The excitement of this justice was short lived, however, when in April 1987 the Appeals Court overturned the decision, saying that the United States is protected from any suit through the sovereign immunity – basically saying that no matter what happens in America, America cannot be held responsible. This was a hard line that could not be crossed, deliberately cutting off any future attempt at law suits or appeals right at the knees. The facts and details of these court cases cannot be argued, and are used by Williams to corroborate her claim.
Living with the Mormon philosophy that authority should be respected, Williams and the others of her family had accepted that there was nothing that they could do about the radioactive contamination that continues to destroy her family members one at a time. In fact, she herself had been told multiple times by her own relatives who were watching their loved ones deal with the horrible symptoms that come with cancer that she should let it go and just know that it was enough that they now knew why their family was burdened with this constant affliction. But with the continual inundation of diagnosis, chemotherapy, waiting rooms, and depressing observation of death and grief, Williams decided that her conscience had to overcome her upbringing and own moral beliefs, and she had to come forward and speak out for her family.
Without direct evidence, she admits that she has no proof that her family members have died as a result of the nuclear fallout, but that doesn’t stop her from spreading the data, such as the fact that it took her mother fourteen years from initial exposure to first evidence of cancer, which is what the documented claims of the experts say that radiation cancer requires before it is visibly evident. She has compiled research and data on the “virtually uninhabited” desert area that was the site of so much nuclear activity, and the damage done. Nuclear testing is still being done in the deserts of Utah, and she wants it to stop before it can cause further damage. As she says, “virtually uninhabited” means there still are inhabitants.
Williams has become an activist in the field of environmental impacts on people, both directly and indirectly, and has even been arrested for her convictions. She has testified before Congress regarding her concerns. Her appeal to the reader through facts and logic help argue her claim plausibly rather than emotionally, and her additional personal touches throughout her essay serves the purpose of linking the idea of human suffering with direct and indirect environmental origins.
About: Terry Tempest Williams (born 8 September 1955), is an American author, conservationist, and activist.

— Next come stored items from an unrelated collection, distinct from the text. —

lemma gform_omit_dup:
  assumes "Suc k < n"
  shows "gform_omit n k (dup k x) (dup k u) (dup k w) = gform (n-1) x u w"
proof -
  obtain n' where n': "n = Suc (Suc n')" using assms by (cases n; cases "n - 1") auto
  have kn: "k \<le> n'" using assms n' by simp
  have "(\<Sum>r\<in>{0..<k}. gform_term x u w r) + (\<Sum>r\<in>{k..<n'}. gform_term x u w r) = (\<Sum>r\<in>{0..<n'}. gform_term x u w r)"
    by (rule sum.atLeastLessThan_concat) (use kn in auto)
  then have "(\<Sum>r<n-1-1. gform_term x u w r) = (\<Sum>r\<in>{0..<k}. gform_term x u w r) + (\<Sum>r\<in>{k..<n'}. gform_term x u w r)"
    using n' by (simp add: atLeast0LessThan)
  moreover have "(\<Sum>r<k. gform_term (dup k x) (dup k u) (dup k w) r) = (\<Sum>r\<in>{0..<k}. gform_term x u w r)"
    by (auto simp: atLeast0LessThan gform_term_def gap_form_dup_lo gap_exp_dup_lo intro: sum.cong)
  moreover have "(\<Sum>r\<in>{Suc k..<n-1}. gform_term (dup k x) (dup k u) (dup k w) r) = (\<Sum>r\<in>{k..<n'}. gform_term x u w r)"
  proof -
    have "{Suc k..<n-1} = {Suc k..<Suc n'}" using n' by simp
    then have "(\<Sum>r\<in>{Suc k..<n-1}. gform_term (dup k x) (dup k u) (dup k w) r) = (\<Sum>r\<in>{k..<n'}. gform_term (dup k x) (dup k u) (dup k w) (Suc r))"
      by (simp only: sum.shift_bounds_Suc_ivl)
    also have "\<dots> = (\<Sum>r\<in>{k..<n'}. gform_term x u w r)"
      by (rule sum.cong) (auto simp: gform_term_def gap_form_dup_hi gap_exp_dup_hi)
    finally show ?thesis .
  qed
  moreover have "dup k u 0 = u 0" "dup k w 0 = w 0" by (auto simp: dup_def)
  ultimately show ?thesis by (simp add: gform_omit_def gform_def gform_term_def)
qed

lemma one_minus_gap_exp_sq_nonzero: "y r \<noteq> y (Suc r) \<Longrightarrow> 1 - (gap_exp y r)^2 \<noteq> 0"
proof
  assume a: "y r \<noteq> y (Suc r)" "1 - (gap_exp y r)^2 = 0"
  then have "exp (2 * (y (Suc r) - y r)) = 1" by (simp add: gap_exp_def power2_eq_square flip: exp_add)
  then show False using a(1) by simp
qed

lemma gform_omit_tendsto:
  assumes Y: "\<forall>i<n. ((\<lambda>t. Y t i) \<longlongrightarrow> y0 i) F"
    and U: "\<forall>i<n. ((\<lambda>t. U t i) \<longlongrightarrow> U0 i) F"
    and W: "\<forall>i<n. ((\<lambda>t. W t i) \<longlongrightarrow> W0 i) F"
    and n: "0 < n" and kn: "Suc k < n" and d: "\<forall>r. Suc r < n \<longrightarrow> r \<noteq> k \<longrightarrow> y0 r \<noteq> y0 (Suc r)"
  shows "((\<lambda>t. gform_omit n k (Y t) (U t) (W t)) \<longlongrightarrow> gform_omit n k y0 U0 W0) F"
proof -
  have T: "((\<lambda>t. gform_term (Y t) (U t) (W t) r) \<longlongrightarrow> gform_term y0 U0 W0 r) F" if "Suc r < n" "r \<noteq> k" for r
  proof -
    have "1 - (gap_exp y0 r)^2 \<noteq> 0" using d that one_minus_gap_exp_sq_nonzero by blast
    then show ?thesis unfolding gform_term_def gap_form_def gap_exp_def
      using that Y U W by (intro tendsto_intros) auto
  qed
  show ?thesis unfolding gform_omit_def using T n U W kn
    by (intro tendsto_intros) auto
qed

lemma dup_dropc: "U k = U (Suc k) \<Longrightarrow> dup k (dropc k U) = U"
proof (rule ext)
  fix i assume "U k = U (Suc k)"
  then show "dup k (dropc k U) i = U i"
    by (cases "i \<le> k"; cases "i = Suc k") (auto simp: dup_def dropc_def)
qed

lemma dup_chamber_adjacent_distinct:
  assumes kn: "Suc k < n" and x: "x \<in> chamber (n - 1)" and r: "Suc r < n" "r \<noteq> k"
  shows "dup k x r \<noteq> dup k x (Suc r)"
proof (cases "r < k")
  case True
  then have "Suc r < n - 1" using kn by linarith
  then show ?thesis using chamberD[OF x, of r "Suc r"] True by (auto simp: dup_def)
next
  case False
  then have "k < r" "r < n - 1" using r by auto
  then show ?thesis using chamberD[OF x, of "r - 1" r] by (auto simp: dup_def)
qed

lemma gform_term_dup:
  assumes y: "y \<in> chamber n" and kn: "Suc k < n"
  shows "gform_term y (dup k u) (dup k w) k = u k * w k * ((1 - gap_exp y k) / (1 + gap_exp y k))"
proof -
  let ?e = "gap_exp y k"
  have e: "?e < 1" "0 < ?e" using gap_exp_less_1[OF y kn] gap_exp_pos by auto
  have "gform_term y (dup k u) (dup k w) k = u k * w k * ((1 - ?e)^2 / (1 - ?e^2))"
    by (simp add: gform_term_def gap_form_def dup_def algebra_simps power2_eq_square)
  also have "(1 - ?e)^2 / (1 - ?e^2) = ((1 - ?e) * (1 - ?e)) / ((1 - ?e) * (1 + ?e))"
    by (simp add: power2_eq_square algebra_simps)
  also have "\<dots> = (1 - ?e) / (1 + ?e)"
    using e by (subst mult_divide_mult_cancel_left) auto
  finally show ?thesis .
qed

lemma gmat_restriction_tends:
  assumes kn: "Suc k < n" and x: "x \<in> chamber (n - 1)"
  shows "tends_within n (\<lambda>y. bilin n (gmat n y) (dup k u) (dup k w))
                    (bilin (n - 1) (gmat_expl (n - 1) x) u w) (dup k x) (chamber n)"
proof (rule tends_within_coord_nhds)
  let ?F = "coord_nhds n (dup k x) (chamber n)"
  have n1: "0 < n - 1" using kn by simp
  have ev: "eventually (\<lambda>y. bilin n (gmat n y) (dup k u) (dup k w) =
      gform_omit n k y (dup k u) (dup k w) + u k * w k * ((1 - gap_exp y k) / (1 + gap_exp y k))) ?F"
    using eventually_coord_nhds_in
    by (rule eventually_mono) (use kn in \<open>simp add: bilin_gmat gform_split gform_term_dup\<close>)
  have coords: "\<forall>i<n. ((\<lambda>y. y i) \<longlongrightarrow> dup k x i) ?F"
    using tendsto_coord_nhds by blast
  have omit: "((\<lambda>y. gform_omit n k y (dup k u) (dup k w)) \<longlongrightarrow> gform (n - 1) x u w) ?F"
    using gform_omit_tendsto[of n "\<lambda>y. y" "dup k x" ?F "\<lambda>_. dup k u" "dup k u" "\<lambda>_. dup k w" "dup k w" k]
      coords kn dup_chamber_adjacent_distinct[OF kn x] gform_omit_dup[OF kn]
    by auto
  have "((\<lambda>y. gap_exp y k) \<longlongrightarrow> gap_exp (dup k x) k) ?F"
    unfolding gap_exp_def using coords kn by (intro tendsto_intros) auto
  moreover have "gap_exp (dup k x) k = 1"
    by (simp add: gap_exp_def dup_def)
  ultimately have "((\<lambda>y. u k * w k * ((1 - gap_exp y k) / (1 + gap_exp y k)))
      \<longlongrightarrow> u k * w k * ((1 - 1) / (1 + 1))) ?F"
    by (intro tendsto_intros) auto
  then have collision: "((\<lambda>y. u k * w k * ((1 - gap_exp y k) / (1 + gap_exp y k))) \<longlongrightarrow> 0) ?F"
    by simp
  show "((\<lambda>y. bilin n (gmat n y) (dup k u) (dup k w)) \<longlongrightarrow> bilin (n - 1) (gmat_expl (n - 1) x) u w) ?F"
    using tendsto_cong[OF ev] tendsto_add[OF omit collision] bilin_gmat_expl[OF n1] by simp
qed

section \<open>The geodesic equation in Hamiltonian form\<close>

lemma gmat_expl_pdiff:
  assumes y: "y \<in> chamber n" and i: "i < n"
  shows "((\<lambda>s. gmat_expl n (y(i := y i + s)) a b) has_real_derivative deriv (\<lambda>s. gmat_expl n (y(i := y i + s)) a b) 0) (at 0)"
    "pdiff i (\<lambda>z. gmat n z a b) y = deriv (\<lambda>s. gmat_expl n (y(i := y i + s)) a b) 0"
proof -
  obtain g where g: "elementary n (chamber n) g" "\<forall>x\<in>chamber n. ((\<lambda>s. gmat_expl n (x(i := x i + s)) a b) has_real_derivative g x) (at 0)"
    using elementary_partial_deriv[OF elementary_gmat_expl i] by blast
  have d: "((\<lambda>s. gmat_expl n (y(i := y i + s)) a b) has_real_derivative g y) (at 0)" using g y by blast
  then have "deriv (\<lambda>s. gmat_expl n (y(i := y i + s)) a b) 0 = g y" by (rule DERIV_imp_deriv)
  then show "((\<lambda>s. gmat_expl n (y(i := y i + s)) a b) has_real_derivative deriv (\<lambda>s. gmat_expl n (y(i := y i + s)) a b) 0) (at 0)"
    using d by simp
  have "\<forall>x\<in>chamber n. gmat n x a b = gmat_expl n x a b" using gmat_chamber by simp
  from pdiff_transfer(2)[OF this coord_open_chamber y d] \<open>deriv _ 0 = g y\<close>
  show "pdiff i (\<lambda>z. gmat n z a b) y = deriv (\<lambda>s. gmat_expl n (y(i := y i + s)) a b) 0" by simp
qed

lemma fun_upd_add_basis_vec: "(y(i := y i + s)) b = y b + s * basis_vec i b"
  by (simp add: basis_vec_def)

definition hmat_pdiff :: "(nat \<Rightarrow> real) \<Rightarrow> nat \<Rightarrow> nat \<Rightarrow> nat \<Rightarrow> real" where
  "hmat_pdiff y i l b = hmat y l b * (ord_sign l b * (basis_vec i b - basis_vec i l))"

text \<open>Differentiating \<open>g h = 1\<close> gives \<open>\<partial>\<^sub>i g = - g (\<partial>\<^sub>i h) g\<close>, where \<open>\<partial>\<^sub>i h\<close>
  (\<open>hmat_pdiff\<close>) is supported on row and column \<open>i\<close>; contracted with \<open>q'\<close> this is the
  Hamiltonian force \<open>p\<^sub>i \<Sum>\<^sub>c sgn (c - i) h\<^sub>i\<^sub>c p\<^sub>c\<close>.\<close>

lemma pdiff_gmat_expl_hmat:
  assumes y: "y \<in> chamber n" and i: "i < n" and a: "a < n" and b: "b < n"
  shows "(\<Sum>l<n. deriv (\<lambda>s. gmat_expl n (y(i := y i + s)) a l) 0 * hmat y l b + gmat_expl n y a l * hmat_pdiff y i l b) = 0"
proof -
  define phi where "phi s = (\<Sum>l<n. gmat_expl n (y(i := y i + s)) a l * exp (ord_sign l b * ((y b + s * basis_vec i b) - (y l + s * basis_vec i l))))" for s
  have ev: "eventually (\<lambda>s. phi s = (if a = b then 1 else 0)) (nhds 0)"
    using eventually_upd_in_chamber[OF y, of i]
  proof (rule eventually_mono)
    fix s assume ys: "y(i := y i + s) \<in> chamber n"
    have "phi s = (\<Sum>l<n. gmat_expl n (y(i := y i + s)) a l * hmat (y(i := y i + s)) l b)"
      unfolding phi_def by (intro sum.cong refl) (simp add: hmat_chamber[OF ys _ b] fun_upd_add_basis_vec del: fun_upd_apply)
    then show "phi s = (if a = b then 1 else 0)" using gmat_expl_hmat[OF ys a b] by simp
  qed
  have d0: "(phi has_real_derivative 0) (at 0)"
    using DERIV_cong_ev[OF refl ev refl] by (simp add: DERIV_const)
  have d1: "(phi has_real_derivative (\<Sum>l<n. deriv (\<lambda>s. gmat_expl n (y(i := y i + s)) a l) 0 * hmat y l b + gmat_expl n y a l * hmat_pdiff y i l b)) (at 0)"
    unfolding phi_def
  proof (intro DERIV_sum)
    fix l assume l: "l \<in> {..<n}"
    have e: "((\<lambda>s. exp (ord_sign l b * ((y b + s * basis_vec i b) - (y l + s * basis_vec i l)))) has_real_derivative hmat_pdiff y i l b) (at 0)"
      using hmat_chamber[OF y _ b, of l] l
      by (auto intro!: derivative_eq_intros simp: hmat_pdiff_def algebra_simps)
    have "gmat_expl n (y(i := y i + 0)) a l = gmat_expl n y a l" by simp
    moreover have "exp (ord_sign l b * ((y b + 0 * basis_vec i b) - (y l + 0 * basis_vec i l))) = hmat y l b"
      using hmat_chamber[OF y _ b, of l] l by simp
    ultimately show "((\<lambda>s. gmat_expl n (y(i := y i + s)) a l * exp (ord_sign l b * ((y b + s * basis_vec i b) - (y l + s * basis_vec i l))))
       has_real_derivative deriv (\<lambda>s. gmat_expl n (y(i := y i + s)) a l) 0 * hmat y l b + gmat_expl n y a l * hmat_pdiff y i l b) (at 0)"
      using DERIV_mult[OF gmat_expl_pdiff(1)[OF y i, of a l] e] by (simp add: mult.commute)
  qed
  show ?thesis using DERIV_unique[OF d1 d0] .
qed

Williams’ writing is rooted in the American West and has been significantly influenced by the arid landscape of her native Utah and its Mormon culture. Her work ranges from issues of ecology and wilderness preservation, to women’s health, to exploring our relationship to culture and nature.
Williams has testified before Congress on women’s health, committed acts of civil disobedience in the years 1987–1992 in protest against nuclear testing in the Nevada Desert, and again, in March 2003 in Washington, D.C., with Code Pink, against the Iraq War. She has been a guest at the White House, has camped in the remote regions of the Utah and Alaska wildernesses and worked as “a barefoot artist” in Rwanda.
Williams is the author of a number of books: Refuge: An Unnatural History of Family and Place; An Unspoken Hunger: Stories from the Field; Desert Quartet; Leap; Red: Passion and Patience in the Desert; The Open Space of Democracy; and Finding Beauty in a Broken World.